Examples of software components include operating systems, data
replication software, data classification and management software,
device drivers, databases, volume managers, file systems,
multipathing software, backup and recovery software, antivirus
software, networking software, data security or protection
software, data search engines, file storage resource management
software, data retention software, system management software,
performance software, end-user application software, and other
software components.
[0026] In addition to component models 210 that simulate hardware
and software components of a storage environment, the component
models may also simulate one or more services, in accordance to an
example embodiment. Generally, a service is an act performed by a
user. Examples of acts by a user include deploying software,
accessing software, and a variety of other acts. In effect, this
component model may be a functional representation of a component
associated with a service rendered by a user. A component model
from component models 210 that simulates a service may be defined
by time. For example, a component model may define that a user may
take fifty five minutes to deploy a software. In another example, a
component model may define that a user may take three minutes to
login an operating system.
[0027] The component models 210 may be created by a user for use
with storage system analytics module 203. For example, component
models 210 may be supplied by the manufacturers of the hardware and
software components. The component models 210 may include
interfaces, code that simulates the components, and rules. The
creation of component models 210 may be based on a set of common
interfaces to create the system model. Generally, an interface
defines a communication boundary between components, such as
hardware components, software components, and service components.

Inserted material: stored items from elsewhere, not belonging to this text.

(* Let $k$ be even, $1\le s\le k-1$, and let $G$ be a $k$-uniform $s$-cycle with $m$ edges and $n=m(k-s)$ vertices. Assume that $k=q(k-s)$ for some integer $q$, and write $q=2^{t_0}(2l_0+1)$ with nonnegative integers $t_0,l_0$. Then $G$ is odd-bipartite if and only if $m$ is a multiple of $2^{t_0}$.
   Context: A $k$-uniform $s$-cycle with $m$ edges has vertex set $\mathbb{Z}_n$, $n=m(k-s)$ (vertex $n+i$ identified with $i$), and edges $e_j=\{j(k-s)+1,\ldots,j(k-s)+k\}$, $j=0,\ldots,m-1$; it is assumed that $n\ge 2k-s$. A $k$-uniform hypergraph with $k$ even and vertex set $V$ is odd-bipartite if either it has no edges or there is a partition $V=V_1\cup V_2$ with $V_1,V_2\ne\emptyset$ such that every edge intersects $V_1$ in an odd number of vertices. *)

theory Defs
  imports Main
begin

text \<open>Vertex set of the k-uniform s-cycle with m edges: Z_n represented as {0..<n}, n = m(k-s).
  Edge e_j = {j(k-s)+1, ..., j(k-s)+k}, taken mod n.\<close>

definition scycle_vertices :: "nat \<Rightarrow> nat \<Rightarrow> nat \<Rightarrow> nat set" where
  "scycle_vertices k s m = {0..<m * (k - s)}"

definition scycle_edge :: "nat \<Rightarrow> nat \<Rightarrow> nat \<Rightarrow> nat \<Rightarrow> nat set" where
  "scycle_edge k s m j = (\<lambda>i. (j * (k - s) + i) mod (m * (k - s))) ` {1..k}"

definition scycle_edges :: "nat \<Rightarrow> nat \<Rightarrow> nat \<Rightarrow> nat set set" where
  "scycle_edges k s m = {scycle_edge k s m j | j. j < m}"

definition odd_bipartite :: "'a set \<Rightarrow> 'a set set \<Rightarrow> bool" where
  "odd_bipartite V E \<longleftrightarrow> E = {} \<or>
     (\<exists>V1 V2. V1 \<union> V2 = V \<and> V1 \<inter> V2 = {} \<and> V1 \<noteq> {} \<and> V2 \<noteq> {} \<and>
        (\<forall>e\<in>E. odd (card (e \<inter> V1))))"

end

theory Submission
  imports Defs
begin

text \<open>
  Write \<open>d = k - s\<close> and cut \<open>\<int>\<^sub>n\<close>, \<open>n = m d\<close>, into the \<open>m\<close> blocks \<open>{r d + 1, \<dots>, r d + d}\<close>,
  indexed cyclically by \<open>r\<close>.  Since \<open>k = q d\<close>, the edge \<open>e\<^sub>j\<close> is the union of the \<open>q\<close> consecutive
  blocks \<open>j, \<dots>, j + q - 1\<close>.  If \<open>y\<^sub>r\<close> counts the vertices of \<open>V\<^sub>1\<close> in block \<open>r\<close>, all edges meet
  \<open>V\<^sub>1\<close> oddly iff every window of \<open>q\<close> consecutive terms of the \<open>m\<close>-periodic sequence \<open>y\<close> has
  odd sum.  Comparing two consecutive windows shows that the parity of \<open>y\<close> is then also
  \<open>q\<close>-periodic, hence \<open>g\<close>-periodic for \<open>g = gcd q m\<close>, so a window has sum congruent to
  \<open>q/g\<close> times a fixed number; thus \<open>q/g\<close> is odd and \<open>2\<^sup>t\<^sup>0\<close> divides \<open>g\<close>, hence \<open>m\<close>.
  Conversely, if \<open>h = 2\<^sup>t\<^sup>0\<close> divides \<open>m\<close>, the multiples of \<open>h d\<close> form a suitable \<open>V\<^sub>1\<close>: every
  window of \<open>q = (2 l\<^sub>0 + 1) h\<close> blocks contains exactly \<open>2 l\<^sub>0 + 1\<close> of them.
\<close>

definition periodic :: "nat \<Rightarrow> (nat \<Rightarrow> 'a) \<Rightarrow> bool" where
  "periodic p f \<longleftrightarrow> (\<forall>x. f (x + p) = f x)"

The rules define, for example, standard methods or procedures. For
example, a rule may prohibit one type of hardware component to be
interfaced with another type of hardware component. In another
example, as explained in more detail below, a rule may specify that
component models 210 need particular resources. The rules may also
define the functional relationships between component models
210.
[0028] In an example embodiment, one or more component models 210
may also include an error associated with the component models. The
error may be the accuracy (e.g., as defined by a numerical value)
associated with the simulation of the component. For example, a
component model configured to simulate a NAS device may show that
the NAS device is 90% utilized in simulation. However, in
actuality, the NAS device is 60% utilized. Accordingly, an error of
30% may be associated with the component model. This error may then
be used for correcting the component model during simulation.

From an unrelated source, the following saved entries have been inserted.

(* Let $\widehat{\mathscr{O}}$ be a commutative local principal ideal ring, complete with respect to its maximal ideal $\mathfrak{m}=(\pi)$, whose residue field $k$ has characteristic different from $2$. Let $A\in \mathrm{GL}_n(\widehat{\mathscr{O}})$, and denote by $\overline{A}\in\mathrm{M}_n(k)$ its reduction modulo $\mathfrak m$. Assume that there exists a monic polynomial $F(t)\in \widehat{\mathscr{O}}[t]$ with $F(A)=0$ such that $$\deg\bigl(\overline{F}(t)\bigr)=\deg\bigl(\mathrm{Min}_{k,\overline{A}}(t)\bigr),$$ where $\overline{F}$ is the reduction of $F$ modulo $\mathfrak m$ and $\mathrm{Min}_{k,\overline{A}}$ is the minimal polynomial of $\overline{A}$ over $k$. Then, for every $i\in\mathbb{N}$, the null ideal $$N^{\mathscr{O}_{i+1}}_{A_{i+1}}=\{G(t)\in\mathscr{O}_{i+1}[t]: G(A_{i+1})=0\}$$ is principal and is generated by $F_{i+1}(t)$, where $\mathscr{O}_{i}=\widehat{\mathscr{O}}/\pi^{i}\widehat{\mathscr{O}}$, and $A_{i}$, $F_{i}(t)$ denote the images of $A$ and $F(t)$ under the reduction $\widehat{\mathscr{O}}\to\mathscr{O}_{i}$.
   Context: A commutative ring $\mathscr R$ is complete with respect to an ideal $I$ if the canonical map $\mathscr R\to\varprojlim_j \mathscr R/I^j$ is an isomorphism. For $\ell\ge1$, $\mathscr{O}_\ell=\widehat{\mathscr{O}}/\pi^\ell\widehat{\mathscr{O}}$; reductions of elements, matrices and polynomials from $\widehat{\mathscr{O}}$ to $\mathscr{O}_\ell$ are applied entrywise/coefficientwise. For a commutative ring $\mathscr R$ and $X\in\mathrm{M}_n(\mathscr R)$, the null ideal is $N^{\mathscr R}_X=\{G\in\mathscr R[t]:G(X)=0\}$. *)

theory Defs
  imports "HOL-Analysis.Analysis" "HOL-Computational_Algebra.Polynomial"
begin

definition is_ideal :: "'a::comm_ring_1 set \<Rightarrow> bool" where
  "is_ideal I \<longleftrightarrow> 0 \<in> I \<and> (\<forall>x\<in>I. \<forall>y\<in>I. x + y \<in> I) \<and> (\<forall>r. \<forall>x\<in>I. r * x \<in> I)"

definition principal_ideal :: "'a::comm_ring_1 \<Rightarrow> 'a set" where
  "principal_ideal g = {x. g dvd x}"
text \<open>The main estimate N(t) \<le> 2^t (1 - 2^-U), for every real t: average the previous
  bound over chunks 1..M with the Abel-summation lemma, and let M grow.\<close>
lemma Ndiff_bound:
  assumes V: "valid_schedule P U x" and fP: "finite P"
  shows "real (Ndiff P U x t) \<le> 2 powr t * (1 - (1/2)^U)"
proof (rule le_of_linear_growth)
  fix M :: nat assume "1 \<le> M"
  define \<beta> where "\<beta> = 1 - (1/2::real)^U"
  define W where "W c = source_weight P x c (real ((c-1)*U) + t)" for c
  have "0 \<le> \<beta>" unfolding \<beta>_def by (simp add: power_le_one)
  have "real M * real (Ndiff P U x t) = (\<Sum>c\<in>{1..M}. real (Ndiff P U x t))" by simp
  also have "\<dots> \<le> (\<Sum>c\<in>{1..M}. 2 powr t * (2^((c-1)*U) * W c))"
    by (rule sum_mono) (use Ndiff_le_source_weight[OF V fP] in \<open>simp add: W_def\<close>)
  also have "\<dots> = 2 powr t * (\<Sum>c\<in>{1..M}. 2^((c-1)*U) * W c)" by (simp add: sum_distrib_left)
  also have "\<dots> \<le> 2 powr t * (1 + real (M - 1) * \<beta>)"
  proof (rule mult_left_mono)
    show "(\<Sum>c\<in>{1..M}. 2^((c-1)*U) * W c) \<le> 1 + real (M - 1) * \<beta>"
      unfolding \<beta>_def W_def by (rule weighted_tail_sum_bound) (rule source_weight_bound[OF V fP])
  qed simp
  also have "\<dots> \<le> 2 powr t + real M * (2 powr t * \<beta>)"
    using mult_right_mono[of "real (M - 1)" "real M" "2 powr t * \<beta>"] \<open>0 \<le> \<beta>\<close>
    by (simp add: algebra_simps)
  finally show "real M * real (Ndiff P U x t) \<le> 2 powr t + real M * (2 powr t * (1 - (1/2)^U))"
    unfolding \<beta>_def .
qed

theorem mainTheorem2:
  fixes P :: "'p set" and U :: nat and x :: "'p schedule"
  assumes "finite P" and "U \<ge> 1" and "valid_schedule P U x"
  shows "(\<forall>t::nat. Ndiff P U x (real t) \<le> (\<Sum>j\<in>{1..U}. S_inf (int t - int j + 1)))
       \<and> (\<forall>t::nat. t \<ge> U \<longrightarrow>
            real (Ndiff P U x (real t)) \<le> (\<Sum>j\<in>{1..U}. (2::real) ^ (t - j))
          \<and> (\<Sum>j\<in>{1..U}. (2::real) ^ (t - j)) = 2 ^ t * (1 - (1/2) ^ U))"
proof -
  have bound: "real (Ndiff P U x (real t)) \<le> 2 ^ t * (1 - (1/2)^U)" for t :: nat
    using Ndiff_bound[OF assms(3,1), of "real t"] by (simp add: powr_realpow)
  show ?thesis
  proof (intro conjI allI impI)
    fix t :: nat
    show "Ndiff P U x (real t) \<le> (\<Sum>j\<in>{1..U}. S_inf (int t - int j + 1))"
      by (rule nat_le_S_inf_window[OF bound])
    assume "U \<le> t"
    then show window: "(\<Sum>j\<in>{1..U}. (2::real) ^ (t - j)) = 2 ^ t * (1 - (1/2) ^ U)"
      by (rule power_window_sum)
    show "real (Ndiff P U x (real t)) \<le> (\<Sum>j\<in>{1..U}. (2::real) ^ (t - j))"
      unfolding window by (rule bound)
  qed
qed

end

[0029] The component models 210 are configured to be plugged into
or stored within library module 208. As explained in more detail
below, with a given storage environment to be modeled, provisioning
manager module 204 may select a portion of component models 210
associated with the storage environment from library module 208.

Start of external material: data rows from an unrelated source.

lemma grad_quadratic:
  fixes A :: "real^'n^'n"
  assumes f: "\<And>x. f x = c + b \<bullet> x + x \<bullet> (A *v x)"
  shows "grad f y = b + (A + transpose A) *v y"
proof -
  have "GDERIV f y :> (b + (A + transpose A) *v y)"
    unfolding gderiv_def f[abs_def]
  proof (rule has_derivative_eq_rhs)
    show "((\<lambda>x. c + b \<bullet> x + x \<bullet> (A *v x)) has_derivative
        (\<lambda>h. 0 + b \<bullet> h + (y \<bullet> (A *v h) + h \<bullet> (A *v y)))) (at y)"
      by (intro derivative_intros bounded_linear_imp_has_derivative matrix_vector_mul_bounded_linear)
    show "(\<lambda>h. 0 + b \<bullet> h + (y \<bullet> (A *v h) + h \<bullet> (A *v y))) = (\<lambda>h. h \<bullet> (b + (A + transpose A) *v y))"
      by (rule ext) (simp add: matrix_vector_mult_add_rdistrib inner_add_right
          dot_lmul_matrix[symmetric] inner_commute)
  qed
  then show ?thesis
    unfolding grad_def by (metis gderiv_unique someI)
qed

lemma quadratic_shift:
  fixes A :: "real^'n^'n"
  assumes f: "\<And>x. f x = c + b \<bullet> x + x \<bullet> (A *v x)"
  shows "f (x + d *\<^sub>R \<theta>) = f x + d * (\<theta> \<bullet> b + (\<theta> v* (A + transpose A)) \<bullet> x) + d\<^sup>2 * (\<theta> \<bullet> (A *v \<theta>))"
proof -
  have "(\<theta> v* (A + transpose A)) \<bullet> x = \<theta> \<bullet> (A *v x) + \<theta> \<bullet> (transpose A *v x)"
    by (simp only: dot_lmul_matrix matrix_vector_mult_add_rdistrib inner_add_right)
  also have "\<theta> \<bullet> (transpose A *v x) = x \<bullet> (A *v \<theta>)"
    by (simp add: inner_commute[of \<theta>] dot_lmul_matrix)
  finally show ?thesis
    unfolding f by (simp add: matrix_vector_right_distrib matrix_vector_mult_scaleR inner_add_left
        inner_add_right power2_eq_square algebra_simps inner_commute[of b])
qed
(* Let $L:\mathcal{A}\to \mathcal{B}$ and $R:\mathcal{B}\to \mathcal{A}$ be contravariant functors between abelian categories. (1) Assume that $(L,R)$ is a left adjoint pair, i.e. there are natural isomorphisms ${\rm Hom}_{\mathcal{B}}(L(A),B)\cong {\rm Hom}_{\mathcal{A}}(R(B),A)$, with associated natural transformations $\varepsilon:LR\to 1_{\mathcal{B}}$ and $\eta:RL\to 1_{\mathcal{A}}$. Let $M,N$ be objects of $\mathcal{B}$ with $M,N\in {\rm Refl}(R)$. Then the following are equivalent: (i) $N$ is strongly $M$-Rickart in $\mathcal{B}$; (ii) $R(M)$ is dual strongly $R(N)$-Rickart in $\mathcal{A}$ and for every morphism $f:M\to N$, ${\rm Ker}(f)$ is $M$-cyclic; (iii) $R(M)$ is dual strongly $R(N)$-Rickart in $\mathcal{A}$ and for every morphism $f:M\to N$, ${\rm Ker}(f)\in {\rm Refl}(R)$. (2) Assume that $(L,R)$ is a right adjoint pair, i.e. there are natural isomorphisms ${\rm Hom}_{\mathcal{A}}(A,R(B))\cong {\rm Hom}_{\mathcal{B}}(B,L(A))$, with associated natural transformations $\varepsilon:1_{\mathcal{B}}\to LR$ and $\eta:1_{\mathcal{A}}\to RL$. Let $M,N$ be objects of $\mathcal{A}$ with $M,N\in {\rm Refl}(L)$. Then the following are equivalent: (i) $N$ is dual strongly $M$-Rickart in $\mathcal{A}$; (ii) $L(M)$ is strongly $L(N)$-Rickart in $\mathcal{B}$ and for every morphism $f:M\to N$, ${\rm Coker}(f)$ is $N$-cocyclic; (iii) $L(M)$ is strongly $L(N)$-Rickart in $\mathcal{B}$ and for every morphism $f:M\to N$, ${\rm Coker}(f)\in {\rm Refl}(L)$.
   Context: ${\rm Refl}(R)$ is the class of objects $B$ of $\mathcal{B}$ for which $\varepsilon_B$ is an isomorphism ($R$-reflexive objects); ${\rm Refl}(L)$ is the class of objects $A$ of $\mathcal{A}$ for which $\eta_A$ is an isomorphism ($L$-reflexive objects). For objects $X,Y$, $Y$ is $X$-cyclic if there is an epimorphism $X\to Y$, and $X$ is $Y$-cocyclic if there is a monomorphism $X\to Y$. A morphism $f:X\to Y$ is a section if $f'f=1_X$ for some $f'$, a retraction if $ff'=1_Y$ for some $f'$. A monomorphism $k:K\to X$ is fully invariant if for every $h:X\to X$ there is $\alpha:K\to K$ with $hk=k\alpha$; an epimorphism $c:X\to C$ is fully coinvariant if for every $h:X\to X$ there is $\gamma:C\to C$ with $ch=\gamma c$. $N$ is strongly $M$-Rickart if the kernel of every morphism $f:M\to N$ is a fully invariant section; $N$ is dual strongly $M$-Rickart if the cokernel of every morphism $f:M\to N$ is a fully coinvariant retraction. *)

theory Defs
  imports Main
begin

record ('o,'m) cat =
  Ob  :: "'o set"
  Ar  :: "'m set"
  Dom :: "'m \<Rightarrow> 'o"
  Cod :: "'m \<Rightarrow> 'o"
  Cp  :: "'m \<Rightarrow> 'm \<Rightarrow> 'm"   (* Cp C g f = g \<circ> f *)
  Id  :: "'o \<Rightarrow> 'm"

definition hom :: "('o,'m) cat \<Rightarrow> 'o \<Rightarrow> 'o \<Rightarrow> 'm set" where
  "hom C A B = {f \<in> Ar C. Dom C f = A \<and> Cod C f = B}"

definition is_category :: "('o,'m) cat \<Rightarrow> bool" where
  "is_category C \<longleftrightarrow>
     (\<forall>f\<in>Ar C. Dom C f \<in> Ob C \<and> Cod C f \<in> Ob C) \<and>
     (\<forall>A\<in>Ob C. Id C A \<in> hom C A A) \<and>
     (\<forall>f\<in>Ar C. \<forall>g\<in>Ar C. Cod C f = Dom C g \<longrightarrow> Cp C g f \<in> hom C (Dom C f) (Cod C g)) \<and>
     (\<forall>f\<in>Ar C. Cp C f (Id C (Dom C f)) = f \<and> Cp C (Id C (Cod C f)) f = f) \<and>
     (\<forall>f\<in>Ar C. \<forall>g\<in>Ar C. \<forall>h\<in>Ar C. Cod C f = Dom C g \<longrightarrow> Cod C g = Dom C h \<longrightarrow>
         Cp C h (Cp C g f) = Cp C (Cp C h g) f)"

definition mono :: "('o,'m) cat \<Rightarrow> 'm \<Rightarrow> bool" where
  "mono C f \<longleftrightarrow> f \<in> Ar C \<and>
     (\<forall>g\<in>Ar C. \<forall>h\<in>Ar C. Cod C g = Dom C f \<longrightarrow> Cod C h = Dom C f \<longrightarrow> Dom C g = Dom C h \<longrightarrow>
        Cp C f g = Cp C f h \<longrightarrow> g = h)"

definition epi :: "('o,'m) cat \<Rightarrow> 'm \<Rightarrow> bool" where
  "epi C f \<longleftrightarrow> f \<in> Ar C \<and>
     (\<forall>g\<in>Ar C. \<forall>h\<in>Ar C. Dom C g = Cod C f \<longrightarrow> Dom C h = Cod C f \<longrightarrow> Cod C g = Cod C h \<longrightarrow>
        Cp C g f = Cp C h f \<longrightarrow> g = h)"

definition iso :: "('o,'m) cat \<Rightarrow> 'm \<Rightarrow> bool" where
  "iso C f \<longleftrightarrow> f \<in> Ar C \<and> (\<exists>g\<in>hom C (Cod C f) (Dom C f).
      Cp C g f = Id C (Dom C f) \<and> Cp C f g = Id C (Cod C f))"

definition "section" :: "('o,'m) cat \<Rightarrow> 'm \<Rightarrow> bool" where
  "section C f \<longleftrightarrow> f \<in> Ar C \<and> (\<exists>f'\<in>hom C (Cod C f) (Dom C f). Cp C f' f = Id C (Dom C f))"

definition retraction :: "('o,'m) cat \<Rightarrow> 'm \<Rightarrow> bool" where
  "retraction C f \<longleftrightarrow> f \<in> Ar C \<and> (\<exists>f'\<in>hom C (Cod C f) (Dom C f). Cp C f f' = Id C (Cod C f))"

definition zero_obj :: "('o,'m) cat \<Rightarrow> 'o \<Rightarrow> bool" where
  "zero_obj C Z \<longleftrightarrow> Z \<in> Ob C \<and>
     (\<forall>A\<in>Ob C. (\<exists>!f. f \<in> hom C Z A) \<and> (\<exists>!f. f \<in> hom C A Z))"

definition zero_arr :: "('o,'m) cat \<Rightarrow> 'm \<Rightarrow> bool" where
  "zero_arr C f \<longleftrightarrow> f \<in> Ar C \<and> (\<exists>Z. zero_obj C Z \<and>
     (\<exists>g\<in>hom C (Dom C f) Z. \<exists>h\<in>hom C Z (Cod C f). f = Cp C h g))"

definition is_kernel :: "('o,'m) cat \<Rightarrow> 'm \<Rightarrow> 'm \<Rightarrow> bool" where
  "is_kernel C f k \<longleftrightarrow> f \<in> Ar C \<and> k \<in> Ar C \<and> Cod C k = Dom C f \<and> zero_arr C (Cp C f k) \<and>
     (\<forall>g\<in>Ar C. Cod C g = Dom C f \<longrightarrow> zero_arr C (Cp C f g) \<longrightarrow>
        (\<exists>!u. u \<in> hom C (Dom C g) (Dom C k) \<and> Cp C k u = g))"

definition is_cokernel :: "('o,'m) cat \<Rightarrow> 'm \<Rightarrow> 'm \<Rightarrow> bool" where
  "is_cokernel C f c \<longleftrightarrow> f \<in> Ar C \<and> c \<in> Ar C \<and> Dom C c = Cod C f \<and> zero_arr C (Cp C c f) \<and>
     (\<forall>g\<in>Ar C. Dom C g = Cod C f \<longrightarrow> zero_arr C (Cp C g f) \<longrightarrow>
        (\<exists>!u. u \<in> hom C (Cod C c) (Cod C g) \<and> Cp C u c = g))"

definition has_product :: "('o,'m) cat \<Rightarrow> 'o \<Rightarrow> 'o \<Rightarrow> bool" where
  "has_product C A B \<longleftrightarrow> (\<exists>P\<in>Ob C. \<exists>p1\<in>hom C P A. \<exists>p2\<in>hom C P B.
     \<forall>X\<in>Ob C. \<forall>f\<in>hom C X A. \<forall>g\<in>hom C X B.
        \<exists>!u. u \<in> hom C X P \<and> Cp C p1 u = f \<and> Cp C p2 u = g)"

definition has_coproduct :: "('o,'m) cat \<Rightarrow> 'o \<Rightarrow> 'o \<Rightarrow> bool" where
  "has_coproduct C A B \<longleftrightarrow> (\<exists>S\<in>Ob C. \<exists>i1\<in>hom C A S. \<exists>i2\<in>hom C B S.
     \<forall>X\<in>Ob C. \<forall>f\<in>hom C A X. \<forall>g\<in>hom C B X.
        \<exists>!u. u \<in> hom C S X \<and> Cp C u i1 = f \<and> Cp C u i2 = g)"

text \<open>Abelian category (Mac Lane, CWM VIII.3): zero object, binary products and
  coproducts, kernels and cokernels, every mono is a kernel, every epi is a cokernel.\<close>
definition abelian :: "('o,'m) cat \<Rightarrow> bool" where
  "abelian C \<longleftrightarrow> is_category C \<and> (\<exists>Z. zero_obj C Z) \<and>
     (\<forall>A\<in>Ob C. \<forall>B\<in>Ob C. has_product C A B \<and> has_coproduct C A B) \<and>
     (\<forall>f\<in>Ar C. (\<exists>k. is_kernel C f k) \<and> (\<exists>c. is_cokernel C f c)) \<and>
     (\<forall>m. mono C m \<longrightarrow> (\<exists>f. is_kernel C f m)) \<and>
     (\<forall>e. epi C e \<longrightarrow> (\<exists>f. is_cokernel C f e))"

Provisioning manager module 204 can then compose a system model
from a portion of component models 210 that is configured to
simulate the storage environment. Hypothetical analyzer module 206
may then apply one or more simulated workloads to the system model
to identify or define impacts on the storage environment.
[0030] It should be appreciated that in other example embodiments,
storage system analytics module 203 may include fewer or more
modules apart from those shown in FIG. 2. For example, provisioning
manager module 204 may be integrated with hypothetical analyzer
module 206 to form one module. In another example, provisioning
manager module 204 and hypothetical analyzer module 206 may be
executed on computing device 202 while library module 208 may be
hosted on a separate server.
[0031] FIG. 3 depicts a flow diagram of a general overview of a
method 300, in accordance with an example embodiment, for modeling
a storage environment. In an example embodiment, method 300 may be
implemented by storage system analytics module 203 of FIG. 2 and
employed in computing device 202. As depicted in FIG. 3, a storage
environment to be modeled is defined at 302. A user or a software
application may define the storage environment to be modeled. The
storage environment is comprised of a variety of components and
each component may be simulated by one or more component models. At
304, the component models associated with the storage environment
are loaded. The loading of component models is to transfer the
portion of the component models into the system model. For example,
a library module may include a variety of component models
associated with a variety of storage environments. A portion of the
component models that are associated with the defined storage
environment is transferred from the library module to a system
model.
[0032] After the component models are loaded, the system model is
composed from the component models at 306. In general, as explained
in more detail below, the system model may be composed or
constructed by associating (e.g., connecting) the component models
with each other based on functional relationships between the
component models. In an example embodiment, the structure of the
composed system model may be in the form of or resemble a directed
graph. Accordingly, the composed system model can be represented by
a directed graph that defines component models and functional
relationships between the component models. In addition to the
directed graph, as discussed above, the component models may also
be depicted by a variety of other representations, such as tables,
flowcharts, and other representations.
[0033] One or more simulated workloads may then be applied to the
system model at 308. A simulated workload is a measure of
processing performed by a component model and the application of
the simulated workload is the assignment of the simulated workload
to the component model. Assignment of the simulated workload may
include providing the simulated workload as an input into the
component model or defining the simulated workload within the
component model. For example, a simulated workload may define a
number of files to be processed by the system model. Here, for
example, a component model simulating a storage server included in
the system model may be assigned a number of files to be processed.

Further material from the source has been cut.